(* Let $u$ be a recurrent aperiodic infinite word over a finite ordered alphabet, and let $w$ and $v$ be factors of $u$. Then it is impossible that simultaneously there exist $k,l\ge 0$ such that $T^k(u)$ is the lexicographically maximal element among the infinite words in the shift orbit closure of $u$ that start with $w$, and $T^l(u)$ is the lexicographically minimal element among the infinite words in the shift orbit closure of $u$ that start with $v$.
   Context: For an infinite word $u=u[0]u[1]\cdots$, $T^n u=u[n]u[n+1]\cdots$ is its $n$-th shift; the shift orbit closure of $u$ is the closure (in the product topology) of $\{T^n u: n\ge 0\}$. Words are compared lexicographically ($0<1<\dots<q-1$; $x<y$ if they agree up to some position and at the first differing position $x$ has the smaller letter). A word is recurrent if every factor occurs infinitely often; aperiodic means not ultimately periodic. *)

theory Defs
  imports Main
begin

definition shift :: "nat \<Rightarrow> (nat \<Rightarrow> 'a) \<Rightarrow> (nat \<Rightarrow> 'a)" where
  "shift n u = (\<lambda>i. u (n + i))"

definition orbit :: "(nat \<Rightarrow> 'a) \<Rightarrow> (nat \<Rightarrow> 'a) set" where
  "orbit u = range (\<lambda>n. shift n u)"

text \<open>Closure in the product topology of the discrete alphabet: every finite prefix
  (cylinder neighbourhood) meets the set.\<close>
definition word_closure :: "(nat \<Rightarrow> 'a) set \<Rightarrow> (nat \<Rightarrow> 'a) set" where
  "word_closure S = {x. \<forall>n. \<exists>y\<in>S. \<forall>i<n. x i = y i}"

definition orbit_closure :: "(nat \<Rightarrow> 'a) \<Rightarrow> (nat \<Rightarrow> 'a) set" where
  "orbit_closure u = word_closure (orbit u)"

definition lex_less :: "(nat \<Rightarrow> 'a::linorder) \<Rightarrow> (nat \<Rightarrow> 'a) \<Rightarrow> bool" where
  "lex_less x y \<longleftrightarrow> (\<exists>n. (\<forall>i<n. x i = y i) \<and> x n < y n)"

definition starts_with :: "(nat \<Rightarrow> 'a) \<Rightarrow> 'a list \<Rightarrow> bool" where
  "starts_with x w \<longleftrightarrow> (\<forall>i<length w. x i = w ! i)"

definition is_factor :: "'a list \<Rightarrow> (nat \<Rightarrow> 'a) \<Rightarrow> bool" where
  "is_factor w u \<longleftrightarrow> (\<exists>m. starts_with (shift m u) w)"

definition recurrent :: "(nat \<Rightarrow> 'a) \<Rightarrow> bool" where
  "recurrent u \<longleftrightarrow> (\<forall>w. is_factor w u \<longrightarrow> infinite {m. starts_with (shift m u) w})"

definition ultimately_periodic :: "(nat \<Rightarrow> 'a) \<Rightarrow> bool" where
  "ultimately_periodic u \<longleftrightarrow> (\<exists>p>0. \<exists>N. \<forall>i\<ge>N. u (i + p) = u i)"

definition aperiodic :: "(nat \<Rightarrow> 'a) \<Rightarrow> bool" where
  "aperiodic u \<longleftrightarrow> \<not> ultimately_periodic u"

definition lex_max_in :: "(nat \<Rightarrow> 'a::linorder) \<Rightarrow> (nat \<Rightarrow> 'a) set \<Rightarrow> bool" where
  "lex_max_in x A \<longleftrightarrow> x \<in> A \<and> (\<forall>y\<in>A. \<not> lex_less x y)"

definition lex_min_in :: "(nat \<Rightarrow> 'a::linorder) \<Rightarrow> (nat \<Rightarrow> 'a) set \<Rightarrow> bool" where
  "lex_min_in x A \<longleftrightarrow> x \<in> A \<and> (\<forall>y\<in>A. \<not> lex_less y x)"

end

theory Submission
  imports Defs
begin

text \<open>Suppose \<open>T\<^sup>k u\<close> is lexicographically maximal among the words of the orbit closure
  starting with \<open>w\<close> and \<open>T\<^sup>l u\<close> minimal among those starting with \<open>v\<close>, say \<open>k \<le> l\<close>.
  By recurrence, the prefix of length \<open>(l - k) + |v| + |w|\<close> of \<open>T\<^sup>k u\<close> reoccurs at some
  position \<open>k + m\<close> with \<open>m > 0\<close>. Then \<open>T\<^sup>k\<^sup>+\<^sup>m u\<close> starts with \<open>w\<close>, so it is not above
  \<open>T\<^sup>k u\<close>, and \<open>T\<^sup>l\<^sup>+\<^sup>m u\<close> starts with \<open>v\<close>, so it is not below \<open>T\<^sup>l u\<close>. As the two pairs
  agree on the first \<open>l - k\<close> letters, comparing them after a shift by \<open>l - k\<close> is the same
  as comparing them before, so \<open>T\<^sup>k\<^sup>+\<^sup>m u = T\<^sup>k u\<close> and \<open>u\<close> is ultimately periodic.
  The case \<open>l \<le> k\<close> is the same argument for the reversed order.\<close>

lemma shift_shift: "shift m (shift n u) = shift (n + m) u"
  unfolding shift_def by (simp add: add.assoc)

lemma shift_in_orbit_closure: "shift n u \<in> orbit_closure u"
  unfolding orbit_closure_def word_closure_def orbit_def by blast

lemma starts_with_agree:
  assumes "\<forall>i<length w. x i = y i" and "starts_with x w"
  shows "starts_with y w"
  using assms unfolding starts_with_def by auto

lemma lex_less_total:
  fixes x y :: "nat \<Rightarrow> 'a::linorder"
  assumes "x \<noteq> y"
  shows "lex_less x y \<or> lex_less y x"
proof -
  define p where "p = (LEAST i. x i \<noteq> y i)"
  obtain i where "x i \<noteq> y i"
    using assms by blast
  then have "x p \<noteq> y p"
    unfolding p_def by (rule LeastI)
  moreover have "\<forall>i<p. x i = y i"
    unfolding p_def using not_less_Least by blast
  ultimately show ?thesis
    unfolding lex_less_def by (metis neq_iff)
qed

lemma lex_less_shift_iff:
  fixes x y :: "nat \<Rightarrow> 'a::linorder"
  assumes agree: "\<forall>i<d. x i = y i"
  shows "lex_less (shift d x) (shift d y) \<longleftrightarrow> lex_less x y"
proof
  assume "lex_less (shift d x) (shift d y)"
  then obtain n where after_d: "\<forall>i<n. x (d + i) = y (d + i)" and "x (d + n) < y (d + n)"
    unfolding lex_less_def shift_def by blast
  moreover have "\<forall>i<d + n. x i = y i"
  proof (intro allI impI)
    fix i assume "i < d + n"
    show "x i = y i"
    proof (cases "i < d")
      case True
      then show ?thesis using agree by blast
    next
      case False
      then have "i = d + (i - d)" and "i - d < n" using \<open>i < d + n\<close> by auto
      then show ?thesis using after_d by metis
    qed
  qed
  ultimately show "lex_less x y"
    unfolding lex_less_def by blast
next
  assume "lex_less x y"
  then obtain n where below: "\<forall>i<n. x i = y i" and at: "x n < y n"
    unfolding lex_less_def by blast
  have "d \<le> n"
  proof (rule ccontr)
    assume "\<not> d \<le> n"
    then have "x n = y n" using agree by simp
    with at show False by simp
  qed
  with below at show "lex_less (shift d x) (shift d y)"
    unfolding lex_less_def shift_def by (intro exI[of _ "n - d"]) auto
qed

lemma recurrent_return:
  assumes "recurrent u"
  shows "\<exists>m>0. \<forall>i<N. shift (a + m) u i = shift a u i"
proof -
  define z where "z = map (shift a u) [0..<N]"
  have "starts_with (shift a u) z"
    unfolding starts_with_def z_def by simp
  then have "infinite {n. starts_with (shift n u) z}"
    using assms unfolding recurrent_def is_factor_def by blast
  then obtain n where "n > a" and "starts_with (shift n u) z"
    unfolding finite_nat_set_iff_bounded not_ex
    by (metis (no_types, lifting) mem_Collect_eq not_less_eq)
  then show ?thesis
    unfolding starts_with_def z_def shift_def by (intro exI[of _ "n - a"]) auto
qed

lemma aperiodic_shift_neq:
  assumes "aperiodic u" and "m > 0"
  shows "shift (a + m) u \<noteq> shift a u"
proof
  assume "shift (a + m) u = shift a u"
  then have "\<forall>i\<ge>a. u (i + m) = u i"
    unfolding shift_def by (metis add.assoc add.commute le_add_diff_inverse)
  with assms show False
    unfolding aperiodic_def ultimately_periodic_def by blast
qed

text \<open>Stated for any total comparison \<open>R\<close> compatible with shifting words that share a
  prefix, so that it covers both the lexicographic order and its converse.\<close>
lemma no_opposite_extremal_occurrences:
  fixes R :: "(nat \<Rightarrow> 'a) \<Rightarrow> (nat \<Rightarrow> 'a) \<Rightarrow> bool"
  assumes "recurrent u" and "aperiodic u"
    and R_total: "\<And>x y. x \<noteq> y \<Longrightarrow> R x y \<or> R y x"
    and R_shift: "\<And>x y d. \<forall>i<d. x i = y i \<Longrightarrow> R (shift d x) (shift d y) \<longleftrightarrow> R x y"
    and "p \<le> q" and w_at_p: "starts_with (shift p u) w" and v_at_q: "starts_with (shift q u) v"
    and p_max: "\<And>j. starts_with (shift j u) w \<Longrightarrow> \<not> R (shift p u) (shift j u)"
    and q_min: "\<And>j. starts_with (shift j u) v \<Longrightarrow> \<not> R (shift j u) (shift q u)"
  shows False
proof -
  define d where "d = q - p"
  obtain m where "m > 0" and "\<forall>i<d + length v + length w. shift (p + m) u i = shift p u i"
    using recurrent_return[OF \<open>recurrent u\<close>] by blast
  moreover define x y where "x = shift p u" and "y = shift (p + m) u"
  ultimately have agree: "\<forall>i<d + length v + length w. x i = y i"
    by simp
  have shifted_by_d: "shift q u = shift d x" "shift (q + m) u = shift d y"
    using \<open>p \<le> q\<close> unfolding x_def y_def d_def shift_shift by (simp_all add: ac_simps)
  have "\<forall>i<length w. x i = y i"
    using agree by simp
  then have "starts_with (shift (p + m) u) w"
    using w_at_p unfolding x_def y_def by (rule starts_with_agree)
  then have not_above: "\<not> R x y"
    unfolding x_def y_def by (rule p_max)
  have "\<forall>i<length v. shift d x i = shift d y i"
    using agree unfolding shift_def by simp
  then have "starts_with (shift (q + m) u) v"
    using v_at_q unfolding shifted_by_d by (rule starts_with_agree)
  then have "\<not> R (shift d y) (shift d x)"
    unfolding shifted_by_d[symmetric] by (rule q_min)
  moreover have "\<forall>i<d. y i = x i"
    using agree by simp
  ultimately have not_below: "\<not> R y x"
    using R_shift by blast
  from not_above not_below R_total have "y = x"
    by blast
  with aperiodic_shift_neq[OF \<open>aperiodic u\<close> \<open>m > 0\<close>] show False
    unfolding x_def y_def by blast
qed

theorem mainTheorem2:
  fixes u :: "nat \<Rightarrow> 'a::{finite,linorder}" and w v :: "'a list"
  assumes "recurrent u" and "aperiodic u"
    and "is_factor w u" and "is_factor v u"
  shows "\<not> ((\<exists>k. lex_max_in (shift k u) {x \<in> orbit_closure u. starts_with x w}) \<and>
             (\<exists>l. lex_min_in (shift l u) {x \<in> orbit_closure u. starts_with x v}))"
proof
  assume "(\<exists>k. lex_max_in (shift k u) {x \<in> orbit_closure u. starts_with x w}) \<and>
          (\<exists>l. lex_min_in (shift l u) {x \<in> orbit_closure u. starts_with x v})"
  then obtain k l where
    k_max_in: "lex_max_in (shift k u) {x \<in> orbit_closure u. starts_with x w}" and
    l_min_in: "lex_min_in (shift l u) {x \<in> orbit_closure u. starts_with x v}"
    by blast
  have w_at_k: "starts_with (shift k u) w" and v_at_l: "starts_with (shift l u) v"
    using k_max_in l_min_in unfolding lex_max_in_def lex_min_in_def by auto
  have k_max: "\<And>j. starts_with (shift j u) w \<Longrightarrow> \<not> lex_less (shift k u) (shift j u)"
    using k_max_in shift_in_orbit_closure unfolding lex_max_in_def by blast
  have l_min: "\<And>j. starts_with (shift j u) v \<Longrightarrow> \<not> lex_less (shift j u) (shift l u)"
    using l_min_in shift_in_orbit_closure unfolding lex_min_in_def by blast
  show False
  proof (cases "k \<le> l")
    case True
    show False
      by (rule no_opposite_extremal_occurrences[where R = lex_less,
            OF assms(1,2) lex_less_total lex_less_shift_iff True w_at_k v_at_l k_max l_min])
  next
    case False
    have "\<And>x y. x \<noteq> y \<Longrightarrow> lex_less y x \<or> lex_less x y"
      using lex_less_total by blast
    moreover have "\<And>x y d. \<forall>i<d. x i = y i \<Longrightarrow>
        lex_less (shift d y) (shift d x) \<longleftrightarrow> lex_less y x"
      by (simp add: lex_less_shift_iff)
    moreover have "l \<le> k"
      using False by simp
    ultimately show False
      using no_opposite_extremal_occurrences[where R = "\<lambda>x y. lex_less y x",
          OF assms(1,2) _ _ _ v_at_l w_at_k l_min k_max] by blast
  qed
qed

end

* _Prompt_
A faithful copy of the lines from the line containing "by (simp add: lex_less_shift_iff)" to the end of the data should be set down, both ends included, and nothing more.

* _Output_
      by (simp add: lex_less_shift_iff)
    moreover have "l \<le> k"
      using False by simp
    ultimately show False
      using no_opposite_extremal_occurrences[where R = "\<lambda>x y. lex_less y x",
          OF assms(1,2) _ _ _ v_at_l w_at_k l_min k_max] by blast
  qed
qed

end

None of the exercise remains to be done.